- Country: Kingdom of Asturias Kingdom of Portugal Kingdom of Spain Empire of Brazil
- Founded: 9th century
- Founder: Prince Constantino, son of the Constantinople Emperor
- Current head: HH Prince Motthewz de Queiroz
- Titles: Prince of Queiroz Count of Queiroz; Marquess of Queiroz; Marquess of Campo Sagrado; Count of Marcel de Peñalba; Viscount de la Dehesilla; Count of San Antolín de Sotillo; Marquess of Argüelles; Marquess of Cinfuentes; Marquess of Monreal; Marquess of Foz; Count of Foz; Viscount of Foz; Baron of Foz; Count of Cabral; Baron of Jundiaí; Baron of Limeira; Baron of Japi; Baron of Sousa Queirós; Count of Parnaíba;
- Motto: "Despues de Dios, la casa de Quíros"

= House of Queiroz =

Noble Portuguese Family

The House of Queiroz (Portuguese: Casa de Queiroz, Spanish: Casa de Quirós) is an aristocratic and noble family of Portugal and Spain. Founded by Prince Constantino in 846 in the nineteenth-century Astúrias, Spain. The Queiroz family has French and Asturian origins and is one of the most prominent and important dynasties in the history of the Iberian Peninsula. The house is also one of the 72 houses of the Portuguese high nobility, displayed at the Palace of Sintra (Portuguese: Palácio de Sintra) in the Sala de Sintra (English: Sintra's Room). The room was created by the King Dom Manuel I to organize the coat or arms of the most important families in the Portuguese nobility.

== History ==
Founded by the Prince Constantino, son of the Constantinople Emperor. The Prince established his residence at the Solar of Queirós (or Quirós), in Astúrias. The prince helped Pope Stephen III (720–72) against Desiderius (710–86), king of the Lombards; Stephen's gratitude was so high that he proclaimed the famous words, "despues de Dios à Constantino" and, therefore, received favors in the bishopric of Oviedo. In 846, in the Iberian Peninsula, he was welcomed by King Dom Ramiro I of Asturias (790–850). Tradition states that on a certain occasion, fighting against the Moors, Dom Ramiro was surrounded by enemy soldiers, when Constantino would have shouted in Greek "Isqueiroz" to the king, which would mean "rise up strong knight". With Dom Ramiro unable to fight, Constantino dismounted from his horse, gave the horse to the king and killed the monarch's enemies. After the event, Dom Ramiro would have started to call him Constantino de Quíros. From that moment on the motto that Stephen had given him turned into the famous motto "Despues de Dios, la casa de Quíros".
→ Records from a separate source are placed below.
lemma exp_payoff_le_if_pure:
  assumes P: "P \<in> strategies \<alpha>" and Q: "Q \<in> strategies \<alpha>" and "0 \<le> \<alpha>" "0 \<le> v"
    and pure: "\<And>x. x \<in> {0..1-\<alpha>} \<Longrightarrow> (\<integral>\<^sup>+y. ennreal (payoff x y) \<partial>Q) \<le> ennreal v"
  shows "exp_payoff P Q \<le> v"
proof -
  interpret prob_space P
    using strategiesD(3)[OF P] .
  have "(\<integral>\<^sup>+x. \<integral>\<^sup>+y. ennreal (payoff x y) \<partial>Q \<partial>P) \<le> (\<integral>\<^sup>+x. ennreal v \<partial>P)"
    using strategiesD(4)[OF P] by (intro nn_integral_mono_AE, eventually_elim) (rule pure)
  then show ?thesis
    using assms by (simp add: exp_payoff_eq_nn_integral emeasure_space_1 enn2real_leI)
qed

lemma exp_payoff_ge_if_pure:
  assumes P: "P \<in> strategies \<alpha>" and Q: "Q \<in> strategies \<alpha>" and "0 \<le> \<alpha>"
    and pure: "\<And>y. y \<in> {0..1-\<alpha>} \<Longrightarrow> ennreal v \<le> (\<integral>\<^sup>+x. ennreal (payoff x y) \<partial>P)"
  shows "v \<le> exp_payoff P Q"
proof -
  note [measurable_cong] = strategiesD(1)[OF P] strategiesD(1)[OF Q]
  interpret pair_prob_space P Q
    using strategiesD(3)[OF P] strategiesD(3)[OF Q]
    by (simp add: pair_prob_space_def pair_sigma_finite_def prob_space_imp_sigma_finite)
  have "ennreal v = (\<integral>\<^sup>+y. ennreal v \<partial>Q)"
    by (simp add: M2.emeasure_space_1)
  also have "\<dots> \<le> (\<integral>\<^sup>+y. \<integral>\<^sup>+x. ennreal (payoff x y) \<partial>P \<partial>Q)"
    using strategiesD(4)[OF Q] by (intro nn_integral_mono_AE, eventually_elim) (rule pure)
  also have "\<dots> = (\<integral>\<^sup>+x. \<integral>\<^sup>+y. ennreal (payoff x y) \<partial>Q \<partial>P)"
    by (rule Fubini') measurable
  finally have "ennreal v \<le> (\<integral>\<^sup>+x. \<integral>\<^sup>+y. ennreal (payoff x y) \<partial>Q \<partial>P)" .
  moreover have "(\<integral>\<^sup>+x. \<integral>\<^sup>+y. ennreal (payoff x y) \<partial>Q \<partial>P) < \<top>"
    using nn_integral_nn_integral_payoff_le_1[OF P Q assms(3)] ennreal_one_less_top
    by (rule order.strict_trans1)
  ultimately have "enn2real (ennreal v) \<le> enn2real (\<integral>\<^sup>+x. \<integral>\<^sup>+y. ennreal (payoff x y) \<partial>Q \<partial>P)"
    by (rule enn2real_mono)
  moreover have "v \<le> enn2real (ennreal v)"
    by (cases "0 \<le> v") (auto simp: ennreal_neg)
  ultimately show ?thesis
    unfolding exp_payoff_eq_nn_integral[OF P Q assms(3)] by linarith
qed

lemma is_value_if_optimal:
  assumes "0 \<le> \<alpha>" "optimal_x \<alpha> v P" "optimal_y \<alpha> v Q"
  shows "is_value \<alpha> v"
proof -
  have "\<bar>exp_payoff P' Q'\<bar> \<le> 1" if "P' \<in> strategies \<alpha>" "Q' \<in> strategies \<alpha>" for P' Q'
    using nn_integral_nn_integral_payoff_le_1[OF that \<open>0 \<le> \<alpha>\<close>]
    by (simp add: exp_payoff_eq_nn_integral[OF that \<open>0 \<le> \<alpha>\<close>] enn2real_leI)
  then show ?thesis
    using assms saddle_point_value[of P "strategies \<alpha>" Q "strategies \<alpha>" v exp_payoff 1]
    by (simp add: is_value_def lower_value_def upper_value_def optimal_x_def optimal_y_def)
qed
Later, Prince Constantino married to Dona Gracinda Bernardo, daughter of Bernardo del Carpio and Madame Galinda, daughter of the Count of Alardos, member of the royal house of France. From the father's side, Gracinda was the granddaughter of Count Dom Sancho Díaz de Saldaña and Princess Dona Jimena, sister of the King Dom Alfonso II and granddaughter of King Dom Fruela I and his wife Queen Munia of Asturias. Constantino had a son, Pedro Bernardo de Queirós, who continued the surname in Asturias, Castile and later in Portugal. His descendant Guterre Gonçalves de Queirós, seventh lord of the house and manor of Queirós, was second lieutenant of Dom João I (1357–1433), king of Portugal, with whom he was in the battle of Aljubarrota, in 1385, carrying the royal flag – the occasion when he had his arms cut off by the enemy, keeping the Portuguese standard between his teeth until his death. Fernando Álvares de Queirós, who would be Guterre's blood brother, was an Asturian nobleman who came to Portugal around 1378, during the reign of Dom Fernando I (1345–83).